La réorganisation de l’entreprise constitue un motif économique de licenciement si elle est effectuée pour sauvegarde la compétitivité et celle du secteur d’activité du groupe auquel elle appartient, en prévenant des difficultés économiques à venir et leurs conséquences sur l’emploi.
Le juge doit caractériser ce lien.
Il incombe à l’employeur de démontrer la réalité du risque pour la compétitivité et la nécessité de procéder à une réorganisation de l’entreprise au moment où il l’exerce. Il n’appartient toutefois pas au juge de contrôler le choix effectué par l’employeur entre les solutions possibles.
En application de l’article L.1233-6, dans les entreprises d’au moins cinquante salariés, lorsque le projet de licenciement concerne au moins dix salariés dans une même période de trente jours, l’employeur établit et met en 'uvre un plan de sauvegarde de l’emploi pour éviter les licenciements ou en limiter le nombre. Les dispositions en matière de licenciement pour motif économique sont d’ordre public.
La lettre de licenciement doit énoncer la cause économique du licenciement telle que prévue par l’article L.1233-3 du code du travail et l’incidence économique sur l’emploi ou le contrat de travail du salarié.
E l’espèce, la lettre de licenciement notifiée au salarié précise que la rupture du contrat de travail intervient pour le motif économique exposé en préambule de l’acte, selon lequel:
'|La société Laboratoires ARKOPHARMA et le Groupe ARKOPHARMA auquel elle appartient (ci-après désignés ARK0PHARMA) doivent faire face à I’impérieuse nécessité de sauvegarder leur compétitivité dans un marché de plus en plus concurrentiel.
La situation est la suivante :
1.1. La position concurrentielle d’ARKOPHARMA s’est dégradée sur son marché (…)
1.2. L’évolution du marché impose des changements significatifs (…)
1.3. Les besoins et attentes des pharmacies évoluent fortement (…)
1.4. Le principal marché d’ARKOPHARMA est très concurrentiel (…)

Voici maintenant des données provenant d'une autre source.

lemma green_fun_le:
  fixes V \<phi> \<phi>inv :: "real \<Rightarrow> real" and p :: "real \<Rightarrow> 'a::metric_space \<Rightarrow> 'a \<Rightarrow> real"
  assumes V_pos: "\<forall>r>0. V r > 0"
    and phi_mono: "mono_on {0<..} \<phi>" and phi_pos: "\<forall>r>0. \<phi> r > 0"
    and inv1: "\<forall>t>0. \<phi>inv t > 0 \<and> \<phi> (\<phi>inv t) = t" and inv2: "\<forall>r>0. \<phi>inv (\<phi> r) = r"
    and const_pos: "c1 > 0" "c4 > 0" "d1 > 0" "d4 > 0"
    and V_lower: "\<forall>r R. 0 < r \<and> r < R \<longrightarrow> c1 * (R / r) powr d1 \<le> V R / V r"
    and phi_upper: "\<forall>r R. 0 < r \<and> r < R \<longrightarrow> \<phi> R / \<phi> r \<le> c4 * (R / r) powr d4"
    and "d4 < d1"
    and "C \<ge> 0" and p_upper: "\<forall>t>0. p t x y \<le> C * hk_profile V \<phi> \<phi>inv t x y"
    and "x \<noteq> y"
  shows "green_fun p x y
    \<le> ennreal (C * (1 + c4 powr (d1 / d4) / (c1 * (d1 / d4 - 1))) * (\<phi> (dist x y) / V (dist x y)))"
proof -
  define r where "r = dist x y"
  define a where "a = d1 / d4"
  define K where "K = (c4 * \<phi> r) powr a / (c1 * V r)"
  have "a > 1" using \<open>d4 < d1\<close> const_pos by (simp add: a_def)
  have "r > 0" "V r > 0" "\<phi> r > 0" using \<open>x \<noteq> y\<close> V_pos phi_pos by (auto simp: r_def)
  have "K \<ge> 0" using const_pos \<open>V r > 0\<close> by (simp add: K_def)
  have near: "p t x y \<le> C / V r" if "0 < t" "t \<le> \<phi> r" for t
  proof -
    have "hk_profile V \<phi> \<phi>inv t x y \<le> 1 / V r"
      using hk_profile_le_inverse_volume[of V x y \<phi> t \<phi>inv] that \<open>V r > 0\<close> \<open>\<phi> r > 0\<close> \<open>x \<noteq> y\<close>
      by (simp add: r_def)
    then have "C * hk_profile V \<phi> \<phi>inv t x y \<le> C * (1 / V r)"
      using \<open>C \<ge> 0\<close> by (rule mult_left_mono)
    then show ?thesis using p_upper \<open>t > 0\<close> by fastforce
  qed
  have far: "p t x y \<le> C * K * t powr (- a)" if "\<phi> r < t" for t
  proof -
    have "hk_profile V \<phi> \<phi>inv t x y \<le> K * t powr (- a)"
      using hk_profile_le_powr[OF V_pos phi_mono phi_pos inv1 inv2 const_pos V_lower phi_upper \<open>x \<noteq> y\<close>]
        that by (simp add: r_def K_def a_def)
    moreover have "t > 0" using that \<open>\<phi> r > 0\<close> by linarith
    ultimately have "C * hk_profile V \<phi> \<phi>inv t x y \<le> C * (K * t powr (- a))"
      using \<open>C \<ge> 0\<close> by (simp add: mult_left_mono)
    then show ?thesis using p_upper \<open>t > 0\<close> by (fastforce simp: mult.assoc)
  qed
  have "green_fun p x y \<le> ennreal (C / V r * \<phi> r + C * K * (\<phi> r powr (1 - a) / (a - 1)))"
    unfolding green_fun_def using \<open>a > 1\<close> \<open>\<phi> r > 0\<close> \<open>V r > 0\<close> \<open>C \<ge> 0\<close> \<open>K \<ge> 0\<close> near far
    by (intro nn_integral_Ioi_le_const_powr) auto
  also have "C / V r * \<phi> r + C * K * (\<phi> r powr (1 - a) / (a - 1))
      = C * (1 + c4 powr a / (c1 * (a - 1))) * (\<phi> r / V r)"
  proof -
    have "(c4 * \<phi> r) powr a * \<phi> r powr (1 - a) = c4 powr a * \<phi> r"
      using \<open>\<phi> r > 0\<close> const_pos by (simp add: powr_mult powr_diff)
    then have "C * K * (\<phi> r powr (1 - a) / (a - 1)) = C * (c4 powr a / (c1 * (a - 1))) * (\<phi> r / V r)"
      unfolding K_def by (simp add: mult.commute mult.left_commute)
    then show ?thesis by (simp add: algebra_simps add_divide_distrib)
  qed
  finally show ?thesis by (simp add: r_def a_def)
qed

theorem lemma4p6:
  fixes V \<phi> \<phi>inv :: "real \<Rightarrow> real"
    and p :: "real \<Rightarrow> 'a::{metric_space, second_countable_topology} \<Rightarrow> 'a \<Rightarrow> real"
    and c1 c2 c3 c4 d1 d2 d3 d4 :: real
  assumes V_mono: "mono_on {0<..} V" and V_pos: "\<forall>r>0. V r > 0"
    and phi_mono: "mono_on {0<..} \<phi>" and phi_pos: "\<forall>r>0. \<phi> r > 0"
    and phi_inv1: "\<forall>t>0. \<phi>inv t > 0 \<and> \<phi> (\<phi>inv t) = t"
    and phi_inv2: "\<forall>r>0. \<phi>inv (\<phi> r) = r"
    and consts_pos: "c1 > 0" "c2 > 0" "c3 > 0" "c4 > 0" "d1 > 0" "d2 > 0" "d3 > 0" "d4 > 0"
    and V_scale: "\<forall>r R. 0 < r \<and> r < R \<longrightarrow>
        c1 * (R / r) powr d1 \<le> V R / V r \<and> V R / V r \<le> c2 * (R / r) powr d2"
    and phi_scale: "\<forall>r R. 0 < r \<and> r < R \<longrightarrow>
        c3 * (R / r) powr d3 \<le> \<phi> R / \<phi> r \<and> \<phi> R / \<phi> r \<le> c4 * (R / r) powr d4"
    and balls_rc: "\<forall>x r. compact (closure (ball (x::'a) r))"
    and p_meas: "\<forall>x y. (\<lambda>t. p t x y) \<in> borel_measurable lborel"
    and p_sym: "\<forall>t>0. \<forall>x y. p t x y = p t y x"
    and hk: "\<exists>C\<ge>1. \<forall>t>0. \<forall>x y.
        hk_profile V \<phi> \<phi>inv t x y / C \<le> p t x y \<and> p t x y \<le> C * hk_profile V \<phi> \<phi>inv t x y"
    and d14: "d1 > d4"
  shows "\<exists>C\<ge>1. \<forall>x y. x \<noteq> y \<longrightarrow>
     ennreal (\<phi> (dist x y) / V (dist x y) / C) \<le> green_fun p x y \<and>
     green_fun p x y \<le> ennreal (C * (\<phi> (dist x y) / V (dist x y)))"
proof -
  obtain C0 where "C0 \<ge> 1" and hk_C0: "\<forall>t>0. \<forall>x y.
      hk_profile V \<phi> \<phi>inv t x y / C0 \<le> p t x y \<and> p t x y \<le> C0 * hk_profile V \<phi> \<phi>inv t x y"
    using hk by blast
  define X where "X = c4 powr (d1 / d4) / (c1 * (d1 / d4 - 1))"
  define C where "C = 4 * C0 * (1 + X)"
  have "X \<ge> 0" using d14 consts_pos by (simp add: X_def)
  then have "4 * C0 \<le> C" using \<open>C0 \<ge> 1\<close> by (simp add: C_def)
  have V_lower: "\<forall>r R. 0 < r \<and> r < R \<longrightarrow> c1 * (R / r) powr d1 \<le> V R / V r"
    and phi_upper: "\<forall>r R. 0 < r \<and> r < R \<longrightarrow> \<phi> R / \<phi> r \<le> c4 * (R / r) powr d4"
    using V_scale phi_scale by blast+
  show ?thesis
  proof (intro exI[of _ C] conjI allI impI)
    show "C \<ge> 1" using \<open>4 * C0 \<le> C\<close> \<open>C0 \<ge> 1\<close> by linarith
    fix x y :: 'a
    assume "x \<noteq> y"
    define u where "u = \<phi> (dist x y) / V (dist x y)"
    have "u \<ge> 0" using \<open>x \<noteq> y\<close> V_pos phi_pos by (simp add: u_def less_imp_le)
    have "u / C \<le> u / (4 * C0)"
      using \<open>4 * C0 \<le> C\<close> \<open>C0 \<ge> 1\<close> \<open>u \<ge> 0\<close> by (intro divide_left_mono) auto
    also have "\<dots> = \<phi> (dist x y) / (4 * C0 * V (dist x y))" by (simp add: u_def)
    finally have "u / C \<le> \<phi> (dist x y) / (4 * C0 * V (dist x y))" .
    moreover have "ennreal (\<phi> (dist x y) / (4 * C0 * V (dist x y))) \<le> green_fun p x y"
      by (rule green_fun_ge[OF V_mono V_pos phi_mono phi_pos phi_inv1 phi_inv2])
        (use hk_C0 \<open>C0 \<ge> 1\<close> \<open>x \<noteq> y\<close> in auto)
    ultimately show "ennreal (\<phi> (dist x y) / V (dist x y) / C) \<le> green_fun p x y"
      unfolding u_def by (metis ennreal_leI order_trans)
    have "C0 * (1 + X) * u \<le> C * u"
      using \<open>C0 \<ge> 1\<close> \<open>X \<ge> 0\<close> \<open>u \<ge> 0\<close> by (simp add: C_def mult_right_mono)
    moreover have "green_fun p x y \<le> ennreal (C0 * (1 + X) * u)"
      unfolding X_def u_def
      by (rule green_fun_le[OF V_pos phi_mono phi_pos phi_inv1 phi_inv2 consts_pos(1,4,5,8)
            V_lower phi_upper d14])
        (use hk_C0 \<open>C0 \<ge> 1\<close> \<open>x \<noteq> y\<close> in auto)
    ultimately show "green_fun p x y \<le> ennreal (C * (\<phi> (dist x y) / V (dist x y)))"
      unfolding u_def by (metis ennreal_leI order_trans)
  qed
qed

end
lemma hamiltonian_flow_position_estimate:
  "norm (fst (F \<tau> z) - fst z - \<tau> *\<^sub>R snd z) \<le> M * \<tau>\<^sup>2"
proof -
  have "M \<ge> 0"
    using grad_bound[of "fst z"] confined[of 0] \<open>0 \<le> \<tau>\<close> hamiltonian_flow_start[OF flow]
    by (auto intro: order_trans[OF norm_ge_zero])
  let ?g = "\<lambda>u. fst (F u z) - fst z - u *\<^sub>R snd z"
  have "norm (?g \<tau> - ?g 0) \<le> (M * \<tau>) * (\<tau> - 0)"
  proof (rule norm_diff_le_vector_derivative_bound)
    show "(?g has_vector_derivative snd (F u z) - snd z) (at u)" for u
      using has_vector_derivative_diff[OF has_vector_derivative_diff[OF
          hamiltonian_flow_fst_has_vector_derivative[OF flow] has_vector_derivative_const]
          has_vector_derivative_scaleR[OF DERIV_ident has_vector_derivative_const]]
      by simp
    show "norm (snd (F u z) - snd z) \<le> M * \<tau>" if "u \<in> {0..\<tau>}" for u
      using hamiltonian_flow_velocity_estimate[OF that] \<open>M \<ge> 0\<close> that
      by (meson atLeastAtMost_iff mult_left_mono order_trans)
  qed (use \<open>0 \<le> \<tau>\<close> in simp)
  then show ?thesis
    by (simp add: hamiltonian_flow_start[OF flow] power2_eq_square mult.assoc)
qed

end

section \<open>Short-time behaviour and the lower bound\<close>

lemma cball_subset_image_near_affine:
  fixes f :: "'a::euclidean_space \<Rightarrow> 'a"
  assumes cont: "continuous_on (cball 0 r) f" and "0 < r" "0 < s"
    and near: "\<And>v. v \<in> cball 0 r \<Longrightarrow> norm (f v - c - s *\<^sub>R v) \<le> \<epsilon>"
  shows "cball c (s * r - \<epsilon>) \<subseteq> f ` cball 0 r"
proof
  fix y assume y: "y \<in> cball c (s * r - \<epsilon>)"
  define h where "h v = v + (1 / s) *\<^sub>R (y - f v)" for v
  have "h v \<in> cball 0 r" if v: "v \<in> cball 0 r" for v
  proof -
    have "h v = (1 / s) *\<^sub>R ((y - c) - (f v - c - s *\<^sub>R v))"
      using \<open>0 < s\<close> by (simp add: h_def algebra_simps)
    then have "norm (h v) = (1 / s) * norm ((y - c) - (f v - c - s *\<^sub>R v))"
      using \<open>0 < s\<close> by (simp only: norm_scaleR) simp
    also have "\<dots> \<le> (1 / s) * (norm (y - c) + norm (f v - c - s *\<^sub>R v))"
      using \<open>0 < s\<close> by (intro mult_left_mono norm_triangle_ineq4) simp
    also have "\<dots> \<le> (1 / s) * ((s * r - \<epsilon>) + \<epsilon>)"
      using y near[OF v] \<open>0 < s\<close> by (intro mult_left_mono add_mono) (auto simp: dist_norm norm_minus_commute)
    finally show ?thesis
      using \<open>0 < s\<close> by simp
  qed
  moreover have "continuous_on (cball 0 r) h"
    unfolding h_def by (intro continuous_intros cont)
  ultimately obtain v where "v \<in> cball 0 r" "h v = v" \<comment> \<open>then \<open>f v = y\<close>\<close>
    using brouwer_ball[OF \<open>0 < r\<close>] by (metis Pi_I)
  then show "y \<in> f ` cball 0 r"
    using \<open>0 < s\<close> by (force simp: h_def)
qed

lemma borel_slice_preimage:
  fixes G :: "'a::euclidean_space \<times> 'b::euclidean_space \<Rightarrow> 'c::euclidean_space"
  assumes "G \<in> borel_measurable borel" and "X \<in> sets borel"
  shows "{v. G (x0, v) \<in> X} \<in> sets borel"
proof -
  have "Pair x0 \<in> borel_measurable borel"
    by (intro borel_measurable_continuous_onI continuous_intros)
  from measurable_sets[OF measurable_compose[OF this assms(1)] assms(2)] show ?thesis
    by (simp add: vimage_def)
qed

lemma emeasure_transport_dirac_ball:
  assumes "F s \<in> borel_measurable borel" and "X \<in> sets borel"
  shows "emeasure (transport F s (dirac_ball x0 R2)) X
    = emeasure lborel ({v. F s (x0, v) \<in> X} \<inter> cball 0 R2)"
proof -
  have "Pair x0 \<in> borel_measurable borel"
    by (intro borel_measurable_continuous_onI continuous_intros)
  moreover have "F s -` X \<in> sets borel"
    using measurable_sets[OF assms] by simp
  ultimately have "emeasure (transport F s (dirac_ball x0 R2)) X
      = emeasure (density lborel (indicator (cball 0 R2))) {v. F s (x0, v) \<in> X}"
    using assms by (simp add: transport_def dirac_ball_def emeasure_distr vimage_def)
  also have "\<dots> = emeasure lborel ({v. F s (x0, v) \<in> X} \<inter> cball 0 R2)"
    using borel_slice_preimage[OF assms]
    by (subst emeasure_density) (auto simp: Int_commute simp flip: indicator_inter_arith intro: borel_measurable_indicator)
  finally show ?thesis .
qed

lemma emeasure_lborel_bounded_eq_measure:
  fixes X :: "'a::euclidean_space set"
  assumes "X \<in> sets borel" and "bounded X"
  shows "emeasure lborel X = ennreal (measure lebesgue X)"
proof -
  have "emeasure lborel X = emeasure lebesgue X"
    using assms(1) by simp
  also have "\<dots> = ennreal (measure lebesgue X)"
    using assms by (intro emeasure_eq_measure2 bounded_set_imp_lmeasurable) auto
  finally show ?thesis .
qed

lemma hamiltonian_flow_confined_short_time:
  fixes \<Phi> :: "'a::euclidean_space \<Rightarrow> real"
  assumes flow: "is_hamiltonian_flow \<Phi> F"
    and grad_bound: "\<And>x. x \<in> cball 0 \<rho> \<Longrightarrow> norm (grad \<Phi> x) \<le> M" and "0 \<le> M" and "0 \<le> s"
    and small: "norm (fst z) + s * norm (snd z) + M * s\<^sup>2 < \<rho>"
  shows "\<forall>t\<in>{0..s}. norm (fst (F t z)) < \<rho>"
proof (rule continuous_bound_bootstrap)
  show "continuous_on {0..s} (\<lambda>t. norm (fst (F t z)))"
    by (intro continuous_intros continuous_on_hamiltonian_flow_time[OF flow])
  show "norm (fst (F 0 z)) < \<rho>"
    using small \<open>0 \<le> M\<close> \<open>0 \<le> s\<close> by (simp add: hamiltonian_flow_start[OF flow])
      (smt (verit, best) mult_nonneg_nonneg norm_ge_zero zero_le_power2)
  fix \<tau> assume \<tau>: "\<tau> \<in> {0..s}" and confined: "\<forall>t\<in>{0..\<tau>}. norm (fst (F t z)) \<le> \<rho>"
  have "norm (fst (F \<tau> z) - fst z - \<tau> *\<^sub>R snd z) \<le> M * \<tau>\<^sup>2"
    using \<tau> confined by (intro hamiltonian_flow_position_estimate[OF flow grad_bound]) auto
  moreover have "\<tau> * norm (snd z) + M * \<tau>\<^sup>2 \<le> s * norm (snd z) + M * s\<^sup>2"
    using \<tau> \<open>0 \<le> M\<close> by (intro add_mono mult_right_mono mult_left_mono power_mono) auto
  ultimately show "norm (fst (F \<tau> z)) < \<rho>"
    using small norm_triangle_ineq[of "fst z + \<tau> *\<^sub>R snd z" "fst (F \<tau> z) - fst z - \<tau> *\<^sub>R snd z"]
      norm_triangle_ineq[of "fst z" "\<tau> *\<^sub>R snd z"] \<tau>
    by simp
qed

text \<open>Velocities in \<open>cball 0 (3R/s)\<close> move \<open>x0\<close> freely over \<open>cball x0 (3R)\<close> in time \<open>s\<close>; the force
  perturbs this by at most \<open>R/2\<close>, which still covers \<open>cball 0 R\<close> and keeps trajectories inside
  \<open>cball 0 (4R + 1)\<close>.\<close>
context
  fixes \<Phi> :: "'a::euclidean_space \<Rightarrow> real" and F :: "real \<Rightarrow> 'a \<times> 'a \<Rightarrow> 'a \<times> 'a"
    and R K M s :: real and x0 :: 'a
  assumes C2: "C2 \<Phi>" and flow: "is_hamiltonian_flow \<Phi> F" and "0 < R"
    and lip: "K-lipschitz_on (cball 0 (4 * R + 1)) (grad \<Phi>)"
    and grad_bound: "\<And>x. x \<in> cball 0 (4 * R + 1) \<Longrightarrow> norm (grad \<Phi> x) \<le> M" and "0 \<le> M"
    and s: "0 < s" "s \<le> 1" and small: "M * s\<^sup>2 \<le> min R 1 / 2"
    and x0: "norm x0 \<le> R"
begin

lemma short_time_confined:
  assumes "v \<in> cball 0 (3 * R / s)" and "t \<in> {0..s}"
  shows "norm (fst (F t (x0, v))) \<le> 4 * R + 1"
proof -
  have "s * norm v \<le> 3 * R"
    using assms(1) s by (simp add: field_simps)
  then have "norm (fst (x0, v)) + s * norm (snd (x0, v)) + M * s\<^sup>2 < 4 * R + 1"
    using x0 small by simp
  then have "\<forall>t\<in>{0..s}. norm (fst (F t (x0, v))) < 4 * R + 1"
    using s by (intro hamiltonian_flow_confined_short_time[OF flow _ \<open>0 \<le> M\<close>] grad_bound) auto
  then show ?thesis
    using assms(2) by fastforce
qed

lemma short_time_position_lipschitz:
  "(exp (1 + K))-lipschitz_on (cball 0 (3 * R / s)) (\<lambda>v. fst (F s (x0, v)))"
proof (rule lipschitz_onI)
  have flow_lip: "(exp ((1 + K) * s))-lipschitz_on (Pair x0 ` cball 0 (3 * R / s)) (F s)"
    using short_time_confined s by (intro hamiltonian_flow_lipschitz_on[OF flow lip]) auto
  fix v w :: 'a assume "v \<in> cball 0 (3 * R / s)" "w \<in> cball 0 (3 * R / s)"
  then have "dist (fst (F s (x0, v))) (fst (F s (x0, w))) \<le> exp ((1 + K) * s) * dist (x0, v) (x0, w)"
    using lipschitz_onD[OF flow_lip] dist_fst_le by (meson imageI order_trans)
  also have "\<dots> \<le> exp (1 + K) * dist v w"
    using s lipschitz_on_nonneg[OF lip] by (intro mult_mono) (auto simp: dist_Pair_Pair mult_left_le)
  finally show "dist (fst (F s (x0, v))) (fst (F s (x0, w))) \<le> exp (1 + K) * dist v w" .
qed simp

lemma short_time_position_estimate:
  assumes "v \<in> cball 0 (3 * R / s)"
  shows "norm (fst (F s (x0, v)) - x0 - s *\<^sub>R v) \<le> R / 2"
proof -
  have "norm (fst (F s (x0, v)) - fst (x0, v) - s *\<^sub>R snd (x0, v)) \<le> M * s\<^sup>2"
    using short_time_confined[OF assms] s
    by (intro hamiltonian_flow_position_estimate[OF flow] grad_bound) auto
  then show ?thesis
    using small by simp
qed

lemma continuous_short_time_flow: "continuous_on UNIV (F s)"
  using continuous_on_hamiltonian_flow[OF C2 flow] s by simp

lemma short_time_flow_borel: "F s \<in> borel_measurable borel"
  using continuous_short_time_flow by (rule borel_measurable_continuous_onI)

lemma continuous_short_time_position: "continuous_on UNIV (\<lambda>v. fst (F s (x0, v)))"
proof -
  note continuous_short_time_flow
  moreover have "continuous_on UNIV (\<lambda>v::'a. (x0, v))"
    by (intro continuous_intros)
  ultimately have "continuous_on UNIV (\<lambda>v. F s (x0, v))"
    by (rule continuous_on_compose2) simp
  then show ?thesis
    by (rule continuous_on_fst)
qed

lemma cball_subset_short_time_position_image:
  "cball 0 R \<subseteq> (\<lambda>v. fst (F s (x0, v))) ` cball 0 (3 * R / s)"
proof -
  have "cball 0 R \<subseteq> cball x0 (s * (3 * R / s) - R / 2)"
  proof
    fix y :: 'a assume "y \<in> cball 0 R"
    then have "dist x0 y \<le> 2 * R"
      using x0 norm_triangle_ineq4[of x0 y] by (simp add: dist_norm)
    then show "y \<in> cball x0 (s * (3 * R / s) - R / 2)"
      using s \<open>0 < R\<close> by simp
  qed
  also have "\<dots> \<subseteq> (\<lambda>v. fst (F s (x0, v))) ` cball 0 (3 * R / s)"
  proof (rule cball_subset_image_near_affine)
    show "continuous_on (cball 0 (3 * R / s)) (\<lambda>v. fst (F s (x0, v)))"
      using continuous_short_time_position by (rule continuous_on_subset) simp
  qed (use \<open>0 < R\<close> s short_time_position_estimate in auto)
  finally show ?thesis .
qed
lemma Ck_on_add: "Ck_on k f U \<Longrightarrow> Ck_on k g U \<Longrightarrow> Ck_on k (\<lambda>x. f x + g x) U"
proof (induction k arbitrary: f g)
  case 0
  then show ?case by (auto intro: continuous_on_add)
next
  case (Suc k)
  obtain Df where Df: "\<forall>x\<in>U. (f has_derivative Df x) (at x)" "\<forall>v. Ck_on k (\<lambda>x. Df x v) U"
    using Suc.prems by auto
  obtain Dg where Dg: "\<forall>x\<in>U. (g has_derivative Dg x) (at x)" "\<forall>v. Ck_on k (\<lambda>x. Dg x v) U"
    using Suc.prems by auto
  show ?case
    using Df Dg Suc.IH
    by (auto intro!: exI[of _ "\<lambda>x v. Df x v + Dg x v"] has_derivative_add)
qed

lemma Ck_on_bounded_linear:
  assumes "bounded_linear L"
  shows "Ck_on k f U \<Longrightarrow> Ck_on k (\<lambda>x. L (f x)) U"
proof (induction k arbitrary: f)
  case 0
  then show ?case
    using continuous_on_compose[of U f L] linear_continuous_on[OF assms]
    by (auto simp: o_def intro: continuous_on_subset)
next
  case (Suc k)
  obtain Df where Df: "\<forall>x\<in>U. (f has_derivative Df x) (at x)" "\<forall>v. Ck_on k (\<lambda>x. Df x v) U"
    using Suc.prems by auto
  have "\<forall>x\<in>U. ((\<lambda>x. L (f x)) has_derivative (\<lambda>v. L (Df x v))) (at x)"
    using Df(1) bounded_linear.has_derivative[OF assms] by blast
  then show ?case
    using Df(2) Suc.IH by auto
qed

lemma Ck_on_bounded_bilinear:
  assumes "bounded_bilinear b"
  shows "Ck_on k f U \<Longrightarrow> Ck_on k g U \<Longrightarrow> Ck_on k (\<lambda>x. b (f x) (g x)) U"
proof (induction k arbitrary: f g)
  case 0
  then show ?case
    by (simp add: bounded_bilinear.continuous_on[OF assms])
next
  case (Suc k)
  obtain Df where Df: "\<forall>x\<in>U. (f has_derivative Df x) (at x)" "\<forall>v. Ck_on k (\<lambda>x. Df x v) U"
    using Suc.prems by auto
  obtain Dg where Dg: "\<forall>x\<in>U. (g has_derivative Dg x) (at x)" "\<forall>v. Ck_on k (\<lambda>x. Dg x v) U"
    using Suc.prems by auto
  have "\<forall>x\<in>U. ((\<lambda>x. b (f x) (g x)) has_derivative
      (\<lambda>v. b (f x) (Dg x v) + b (Df x v) (g x))) (at x)"
    using Df(1) Dg(1) bounded_bilinear.FDERIV[OF assms] by blast
  moreover have "Ck_on k f U" "Ck_on k g U"
    using Suc.prems Ck_on_SucD by blast+
  ultimately show ?case
    using Df(2) Dg(2) Suc.IH by (auto intro!: Ck_on_add)
qed

lemma Ck_on_frechet_derivative:
  assumes "Ck_on (Suc k) f U" "open U"
  shows "Ck_on k (\<lambda>x. frechet_derivative f (at x) v) U"
proof -
  obtain D where D: "\<forall>x\<in>U. (f has_derivative D x) (at x)" "\<forall>v. Ck_on k (\<lambda>x. D x v) U"
    using assms(1) by auto
  show ?thesis
    by (rule Ck_on_cong[OF D(2)[rule_format, of v] assms(2)]) (metis D(1) frechet_derivative_at)
qed


lemma smooth_on_subset: "smooth_on f U \<Longrightarrow> V \<subseteq> U \<Longrightarrow> smooth_on f V"
  unfolding smooth_on_def using Ck_on_subset by blast

lemma smooth_on_const: "smooth_on (\<lambda>x. c) U"
  by (simp add: smooth_on_def Ck_on_const)

lemma smooth_on_add: "smooth_on f U \<Longrightarrow> smooth_on g U \<Longrightarrow> smooth_on (\<lambda>x. f x + g x) U"
  by (simp add: smooth_on_def Ck_on_add)

lemma smooth_on_bounded_linear:
  "bounded_linear L \<Longrightarrow> smooth_on f U \<Longrightarrow> smooth_on (\<lambda>x. L (f x)) U"
  by (simp add: smooth_on_def Ck_on_bounded_linear)

lemma smooth_on_bounded_bilinear:
  "bounded_bilinear b \<Longrightarrow> smooth_on f U \<Longrightarrow> smooth_on g U \<Longrightarrow> smooth_on (\<lambda>x. b (f x) (g x)) U"
  by (simp add: smooth_on_def Ck_on_bounded_bilinear)

lemma smooth_on_minus: "smooth_on f U \<Longrightarrow> smooth_on (\<lambda>x. - f x) U"
  using smooth_on_bounded_linear[OF bounded_linear_minus[OF bounded_linear_ident]] .

lemma smooth_on_mult:
  fixes f g :: "'a::real_normed_vector \<Rightarrow> 'b::real_normed_algebra"
  shows "smooth_on f U \<Longrightarrow> smooth_on g U \<Longrightarrow> smooth_on (\<lambda>x. f x * g x) U"
  using smooth_on_bounded_bilinear[OF bounded_bilinear_mult] .

lemma smooth_on_scaleR: "smooth_on f U \<Longrightarrow> smooth_on g U \<Longrightarrow> smooth_on (\<lambda>x. f x *\<^sub>R g x) U"
  using smooth_on_bounded_bilinear[OF bounded_bilinear_scaleR] .

lemma smooth_on_sum:
  "finite S \<Longrightarrow> (\<And>i. i \<in> S \<Longrightarrow> smooth_on (f i) U) \<Longrightarrow> smooth_on (\<lambda>x. \<Sum>i\<in>S. f i x) U"
  by (induction S rule: finite_induct) (auto intro: smooth_on_const smooth_on_add)

lemma smooth_on_prod:
  fixes f :: "'i \<Rightarrow> 'a::real_normed_vector \<Rightarrow> 'b::real_normed_field"
  shows "finite S \<Longrightarrow> (\<And>i. i \<in> S \<Longrightarrow> smooth_on (f i) U) \<Longrightarrow> smooth_on (\<lambda>x. \<Prod>i\<in>S. f i x) U"
  by (induction S rule: finite_induct) (auto intro: smooth_on_const smooth_on_mult)

lemma smooth_on_vec_nth: "smooth_on f U \<Longrightarrow> smooth_on (\<lambda>x. f x $ i) U"
  using smooth_on_bounded_linear[OF bounded_linear_vec_nth] .

lemma smooth_on_vec:
  fixes f :: "'a::real_normed_vector \<Rightarrow> real^'n"
  assumes "\<And>i. smooth_on (\<lambda>x. f x $ i) U"
  shows "smooth_on f U"
proof -
  have "smooth_on (\<lambda>x. \<Sum>i\<in>UNIV. (f x $ i) *\<^sub>R (axis i 1 :: real^'n)) U"
    by (intro smooth_on_sum smooth_on_scaleR assms smooth_on_const finite)
  then show ?thesis
    by (simp add: basis_expansion flip: scalar_mult_eq_scaleR)
qed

1.5. Des concurrents dynamiques qui s’adaptent aux changements du marché (…)
1.6. Prévision de l’évolution de la part de marché d’ARKOPHARMA et de certains de ses concurrents (…)
1.7 Système de rémunération des attachés commerciaux (…)
1.8. Conclusions :
ll ressort des éléments ci-dessus qu’ARKOPHARMA doit impérativement sauvegarder sa compétitivité sur son secteur d’activité et prévenir des difficultés économiques qui résulteraient à terme d’une possible stagnation puis d’une baisse de ses ventes. Dans cet environnement concurrentiel toujours plus exacerbé, et au regard des nouvelles attentes clients, ARKOPHARMA doit adapter très rapidement sa stratégie et son organisation commerciale afin de regagner durablement des parts de marché, en générant une croissance de ses ventes aux consommateurs supérieure à celle du marché'.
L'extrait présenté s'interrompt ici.